- Signature date: 1 May 1948
- Number: 14 of the pontificate

= Auspicia quaedam =

1948 papal encyclical by Pius XII

Auspicia quaedam (1 May 1948) is an encyclical of Pope Pius XII on worldwide public prayers to the Virgin Mary for World peace and the solution to the conflict in Palestine.

==Background==
The war in Palestine affected the holy places and therefore the encyclical hopes for a settlement of the situation through a just peace and mutual concord. To support this requests, the Pope asks for a holy prayer crusade to the Most Blessed Virgin. He asks for a consecration to be made in the various dioceses as well as in each of the parishes and families.

Although a terrible war has ended, peace has not arrived in the minds and hearts of all men. The post-war period is full of dangers for the family of nations, dangers of threatening disasters. Because human means are unequal to the task, the Pontiff appeals in prayer first of all to God; he exhorts all throughout the world, to implore, together, in ardent prayer the Divine assistance.

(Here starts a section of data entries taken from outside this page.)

lemma left_avoiding_below_cluster:
  "left_avoiding \<omega> s \<Longrightarrow> reach \<omega> (0, 0) t \<Longrightarrow> \<bar>fst s - fst t\<bar> \<le> 1 \<Longrightarrow> snd s < snd t"
proof (induction "nat (fst s + fst t)" arbitrary: s t rule: less_induct)
  case less
  have sL: "inL s" and tL: "inL t"
    using left_avoiding_inL[OF less.prems(1)] reach_inL[OF less.prems(2)] by auto
  have "s \<noteq> t"
    using left_avoiding_not_reached[OF less.prems(1)] less.prems(2) by auto
  have IH: "snd p < snd q"
    if "left_avoiding \<omega> p" "reach \<omega> (0, 0) q" "\<bar>fst p - fst q\<bar> \<le> 1" "fst p + fst q < fst s + fst t"
    for p q
    using less.hyps[OF _ that(1-3)] that(4) left_avoiding_inL[OF that(1)] reach_inL[OF that(2)]
    by (auto simp: inL_def)
  have cluster_last_step: "\<exists>q. reach \<omega> (0, 0) q \<and> inL q \<and> is_step q t" if "fst t \<noteq> 0"
    using reach_last_step[OF less.prems(2)] that by (metis fst_conv)
  consider (origin) "fst t = 0"
    | (cluster_back) "0 < fst t" "fst s \<le> 1 \<or> fst s < fst t"
    | (avoiding_back) "0 < fst t" "fst t < fst s"
    | (both_back) "2 \<le> fst s" "fst s = fst t"
    using tL less.prems(3) by (fastforce simp: inL_def)
  then show ?case
  proof cases
    case origin
    then have "t = (0, 0)"
      using reach_from_origin_level0 less.prems(2) by (cases t) auto
    then show ?thesis
      using left_avoiding_low_level[OF less.prems(1)] less.prems(3) by (auto simp: abs_le_iff)
  next
    case cluster_back
    then obtain q where q: "reach \<omega> (0, 0) q" "inL q" "is_step q t"
      using cluster_last_step by auto
    have "snd s < snd q"
      using IH[OF less.prems(1) q(1)] q sL cluster_back less.prems(3)
      by (auto simp: is_step_iff inL_def)
    then show ?thesis
      using below_after_steps[OF sL q(2) \<open>s \<noteq> t\<close>] q(3) less.prems(3) cluster_back
      by (auto simp: is_step_iff)
  next
    case avoiding_back
    then obtain p where p: "left_avoiding \<omega> p" "is_step p s"
      using left_avoiding_last_step[OF less.prems(1)] by auto
    have "snd p < snd t"
      using IH[OF p(1) less.prems(2)] p avoiding_back less.prems(3) by (auto simp: is_step_iff)
    then show ?thesis
      using below_after_steps[OF left_avoiding_inL[OF p(1)] tL \<open>s \<noteq> t\<close>] p(2) less.prems(3)
        avoiding_back by (auto simp: is_step_iff)
  next
    case both_back
    then obtain p where p: "left_avoiding \<omega> p" "is_step p s"
      using left_avoiding_last_step[OF less.prems(1)] by auto
    obtain q where q: "reach \<omega> (0, 0) q" "inL q" "is_step q t"
      using cluster_last_step both_back by auto
    have "snd p < snd q"
      using IH[OF p(1) q(1)] p q both_back by (auto simp: is_step_iff)
    then show ?thesis
      using below_after_steps[OF left_avoiding_inL[OF p(1)] q(2) \<open>s \<noteq> t\<close>] p(2) q(3)
        less.prems(3) both_back by (auto simp: is_step_iff)
  qed
qed

lemma reached_from_left_seed_below_extinct_level:
  assumes "xi \<omega> (Suc n) = {}" "r \<in> xi \<omega> n"
    and "fst s \<le> 1" "snd s \<le> 0" "reach \<omega> s (int (Suc n), x)"
  shows "x < r"
proof -
  have unreached: "\<not> reach \<omega> (0, 0) (int (Suc n), x)"
    using assms(1) by (auto simp: xi_def)
  then have "\<not> reach \<omega> (0, 0) s"
    using assms(5) reach_trans by blast
  then have "left_avoiding \<omega> s"
    using assms(3,4) reach_inL[OF assms(5)] by (auto intro: left_avoiding.seed)
  then have "left_avoiding \<omega> (int (Suc n), x)"
    using reach_left_avoiding assms(5) unreached by blast
  moreover have "reach \<omega> (0, 0) (int n, r)"
    using assms(2) by (simp add: xi_def)
  ultimately show ?thesis
    using left_avoiding_below_cluster by fastforce
qed

lemma u_bar_less_at_extinction:
  assumes "xi \<omega> (Suc n) = {}" "r \<in> xi \<omega> n"
  shows "u_bar \<omega> (Suc n) < ereal (real_of_int r)"
proof -
  have "x < r" if x: "x \<in> xi_upper \<omega> (Suc n)" for x
  proof -
    obtain y where "y \<le> 0" "reach \<omega> (0, y) (int (Suc n), x) \<or> reach \<omega> (1, y) (int (Suc n), x)"
      using x unfolding xi_upper_def by blast
    then show "x < r"
      using reached_from_left_seed_below_extinct_level[OF assms, of "(0, y)"]
        reached_from_left_seed_below_extinct_level[OF assms, of "(1, y)"] by auto
  qed
  then have "u_bar \<omega> (Suc n) \<le> ereal (real_of_int r - 1)"
    unfolding u_bar_def by (force intro!: Sup_least)
  then show ?thesis
    by (simp add: le_less_trans)
qed

definition mirror :: "int \<times> int \<Rightarrow> int \<times> int" where
  "mirror z = (fst z, - snd z)"

lemma mirror_mirror [simp]: "mirror (mirror z) = z"
  by (simp add: mirror_def)

lemma inL_mirror [simp]: "inL (mirror z) \<longleftrightarrow> inL z"
  by (simp add: inL_def mirror_def)

lemma is_step_mirror [simp]: "is_step (mirror z) (mirror z') \<longleftrightarrow> is_step z z'"
  unfolding is_step_iff mirror_def by auto

lemma reach_mirror: "reach \<omega> a b \<Longrightarrow> reach (\<omega> \<circ> mirror) (mirror a) (mirror b)"
proof (induction rule: reach.induct)
  case (refl z)
  have "inL (mirror z)"
    using refl.hyps by (simp only: inL_mirror)
  then show ?case
    by (rule reach.refl)
next
  case (step z z' z'')
  have "is_step z z'"
    using step.hyps(4) unfolding is_step_def .
  then have "is_step (mirror z) (mirror z')"
    by (simp only: is_step_mirror)
  moreover have "inL (mirror z)" "inL (mirror z')" "(\<omega> \<circ> mirror) (mirror z)"
    using step.hyps(1-3) by simp_all
  ultimately show ?case
    using reach_step step.IH by blast
qed

lemma reach_mirror_iff: "reach (\<omega> \<circ> mirror) a b \<longleftrightarrow> reach \<omega> (mirror a) (mirror b)"
  using reach_mirror[of "\<omega> \<circ> mirror" a b] reach_mirror[of \<omega> "mirror a" "mirror b"]
  by (auto simp: comp_def)

lemma xi_mirror: "xi (\<omega> \<circ> mirror) n = uminus ` xi \<omega> n"
  by (force simp: xi_def reach_mirror_iff mirror_def)

lemma xi_upper_mirror: "xi_upper (\<omega> \<circ> mirror) n = uminus ` xi_lower \<omega> n"
proof -
  have reflect: "reach (\<omega> \<circ> mirror) (k, y) (int n, x) \<longleftrightarrow> reach \<omega> (k, - y) (int n, - x)"
    for k y x
    by (simp add: reach_mirror_iff mirror_def)
  have "x \<in> xi_upper (\<omega> \<circ> mirror) n \<longleftrightarrow> - x \<in> xi_lower \<omega> n" for x
    unfolding xi_upper_def xi_lower_def mem_Collect_eq reflect
    by (metis neg_0_le_iff_le minus_minus)
  then show ?thesis
    by (intro set_eqI) (metis image_iff minus_minus)
qed

lemma u_bar_mirror: "u_bar (\<omega> \<circ> mirror) n = - l_bar \<omega> n"
proof -
  have "(\<lambda>x. ereal (real_of_int x)) ` uminus ` S = (\<lambda>x. - ereal (real_of_int x)) ` S"
    for S :: "int set"
    by (simp add: image_image)
  then show ?thesis
    unfolding u_bar_def l_bar_def xi_upper_mirror by (simp only: ereal_SUP_uminus_eq) simp
qed

lemma l_bar_greater_at_extinction:
  assumes "xi \<omega> (Suc n) = {}" "r \<in> xi \<omega> n"
  shows "ereal (real_of_int r) < l_bar \<omega> (Suc n)"
proof -
  have "u_bar (\<omega> \<circ> mirror) (Suc n) < ereal (real_of_int (- r))"
    using assms by (intro u_bar_less_at_extinction) (auto simp: xi_mirror)
  then have "- l_bar \<omega> (Suc n) < - ereal (real_of_int r)"
    by (simp add: u_bar_mirror)
  then show ?thesis
    by (simp only: ereal_minus_less_minus)
qed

He thanks the Virgin Mother of God for having obtained, through her powerful intercession, the long desired termination of World War Two. At the same time, He implores her for the gift of peace, of fraternal and complete peace among all nations and for harmony among all social classes.

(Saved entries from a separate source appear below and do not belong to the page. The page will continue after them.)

(* Let $\Omega\subset\mathbb R^n$ be a bounded convex domain and $p>0$. (i) Suppose $u,v\in C^2(\Omega)\cap C(\overline{\Omega})$ are convex functions with $\det D^2 u\geq |u|^{-p}$ and $\det D^2 v\leq |v|^{-p}$ in $\Omega$, and $0\geq v\geq u$ on $\partial\Omega$. Then $v\geq u$ in $\Omega$. (ii) Let $k>0$. Suppose $u,v\in C^2(\Omega)\cap C(\overline{\Omega})$ are convex functions with $x\cdot Du-u>0$ and $x\cdot Dv-v>0$ in $\Omega$, $0\geq v\geq u$ on $\partial\Omega$, and $$\det D^2 u\geq |u|^{-p}(x\cdot Du-u)^{-k},\qquad \det D^2 v\leq |v|^{-p}(x\cdot Dv-v)^{-k}\quad\text{in }\Omega.$$ Then $v\geq u$ in $\Omega$. *)

theory Defs
  imports "HOL-Analysis.Analysis" "HOL-Library.Extended_Real"
begin

definition C2_with :: "(real^'n) set \<Rightarrow> (real^'n \<Rightarrow> real) \<Rightarrow> (real^'n \<Rightarrow> real^'n)
    \<Rightarrow> (real^'n \<Rightarrow> real^'n^'n) \<Rightarrow> bool" where
  "C2_with S u Du Hu \<longleftrightarrow>
     (\<forall>x\<in>S. (u has_derivative (\<lambda>h. Du x \<bullet> h)) (at x)
           \<and> (Du has_derivative (\<lambda>h. Hu x *v h)) (at x))
     \<and> continuous_on S Hu"

definition negpow :: "real \<Rightarrow> real \<Rightarrow> ereal" where
  "negpow t p = (if t = 0 then \<infinity> else ereal (\<bar>t\<bar> powr (- p)))"

end

theory Submission
  imports Defs
begin

text \<open>If \<open>u > v\<close> somewhere, then \<open>u - v\<close> attains a positive maximum at an interior
  point \<open>y\<close>, because \<open>u \<le> v\<close> on the boundary. There \<open>Du = Dv\<close> and \<open>D\<^sup>2u \<le> D\<^sup>2v\<close>,
  while \<open>D\<^sup>2u \<ge> 0\<close> by convexity; since the determinant is monotone on positive
  semidefinite symmetric matrices, \<open>det D\<^sup>2u(y) \<le> det D\<^sup>2v(y)\<close>. The same maximum
  argument applied to \<open>u\<close> and \<open>0\<close> shows \<open>u \<le> 0\<close> in \<open>\<Omega>\<close>. Hence \<open>v(y) < u(y) \<le> 0\<close>,
  so \<open>\<bar>v\<bar> powr -p < \<bar>u\<bar> powr -p\<close>, and in case (ii) also \<open>x \<bullet> Dv - v > x \<bullet> Du - u\<close>
  at \<open>y\<close>; the two differential inequalities then force \<open>det D\<^sup>2v(y) < det D\<^sup>2u(y)\<close>.\<close>

section \<open>Monotonicity of the determinant in the Loewner order\<close>

lemma transpose_eq_self_entry:
  fixes A :: "'a^'n^'n"
  assumes "transpose A = A"
  shows "A$i$j = A$j$i"
  by (metis assms transpose_def vec_lambda_beta)

text \<open>The determinant of \<open>principal_block S A\<close> is the principal minor of \<open>A\<close> on the
  index set \<open>S\<close>.\<close>
definition principal_block :: "'n set \<Rightarrow> real^'n^'n \<Rightarrow> real^'n^'n" where
  "principal_block S A = (\<chi> i j. if i \<in> S \<and> j \<in> S then A$i$j else if i = j then 1 else 0)"

definition schur_complement :: "'n \<Rightarrow> real^'n^'n \<Rightarrow> real^'n^'n" where
  "schur_complement k A = (\<chi> i j. A$i$j - A$i$k * A$k$j / A$k$k)"

definition psd_on :: "'n set \<Rightarrow> real^'n^'n \<Rightarrow> bool" where
  "psd_on S A \<longleftrightarrow> (\<forall>x. (\<forall>i. i \<notin> S \<longrightarrow> x$i = 0) \<longrightarrow> 0 \<le> x \<bullet> (A *v x))"

definition loewner_le_on :: "'n set \<Rightarrow> real^'n^'n \<Rightarrow> real^'n^'n \<Rightarrow> bool" where
  "loewner_le_on S A B \<longleftrightarrow> (\<forall>x. (\<forall>i. i \<notin> S \<longrightarrow> x$i = 0) \<longrightarrow> x \<bullet> (A *v x) \<le> x \<bullet> (B *v x))"

lemma principal_block_empty: "principal_block {} A = mat 1"
  by (simp add: principal_block_def mat_def vec_eq_iff)

lemma principal_block_UNIV: "principal_block UNIV A = A"
  by (simp add: principal_block_def vec_eq_iff)

lemma transpose_schur_complement:
  assumes "transpose A = A"
  shows "transpose (schur_complement k A) = schur_complement k A"
proof -
  have "A$i$j = A$j$i" for i j
    using assms by (rule transpose_eq_self_entry)
  then show ?thesis
    unfolding vec_eq_iff transpose_def schur_complement_def vec_lambda_beta
    by (intro allI) (metis mult.commute)
qed

lemma det_column_elimination_matrix:
  fixes c :: "'n::finite \<Rightarrow> real"
  assumes "k \<notin> S"
  shows "det (\<chi> i j. if i = j then 1 else if j = k \<and> i \<in> S then c i else (0::real)) = 1"
proof -
  let ?E = "\<chi> i j. if i = j then 1 else if j = k \<and> i \<in> S then c i else (0::real)"
  define x where "x = (\<chi> j. if j \<in> S then c j else (0::real))"
  have E: "transpose ?E = (\<chi> i. if i = k then row k (mat 1) + x else row i (mat 1))"
    using assms by (auto simp: vec_eq_iff transpose_def row_def mat_def x_def)
  have "x = (\<Sum>j\<in>S. c j *s row j (mat 1))"
    by (auto simp: vec_eq_iff x_def row_def mat_def sum_component if_distrib cong: if_cong)
  also have "\<dots> \<in> vec.span {row j (mat 1 :: real^'n^'n) |j. j \<noteq> k}"
    using assms by (blast intro: vec.span_sum vec.span_scale vec.span_base)
  finally have "det (transpose ?E) = det (mat 1 :: real^'n^'n)"
    unfolding E by (rule det_row_span)
  then show ?thesis by simp
qed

The encyclical argues, that prayer to the Blessed Virgin must be more than words, they must be based on virtues, reform and a revival of Christian conduct. For only from Christian virtues one can hope to see the course of history take its proper, orderly direction.

The Pontiff is concerned about the Holy Places of Palestine, which have long been disturbed.

===Consecration to the Immaculate Heart of Mary ===
He desires, that supplications be poured forth to the Most Holy Virgin for this request: that the situation in Palestine may at long last be settled justly and thereby concord and peace be also happily established. He places great confidence in her powerful patronage and asks for the month of May 1948 for a crusade of prayers especially of children to the Heavenly Mother. For a just solution of disputes, and a firm and free peace for the Church and for all nations Pope Pius XII dedicates the human family to the immaculate heart of Mary and asks local dedication to be made as well.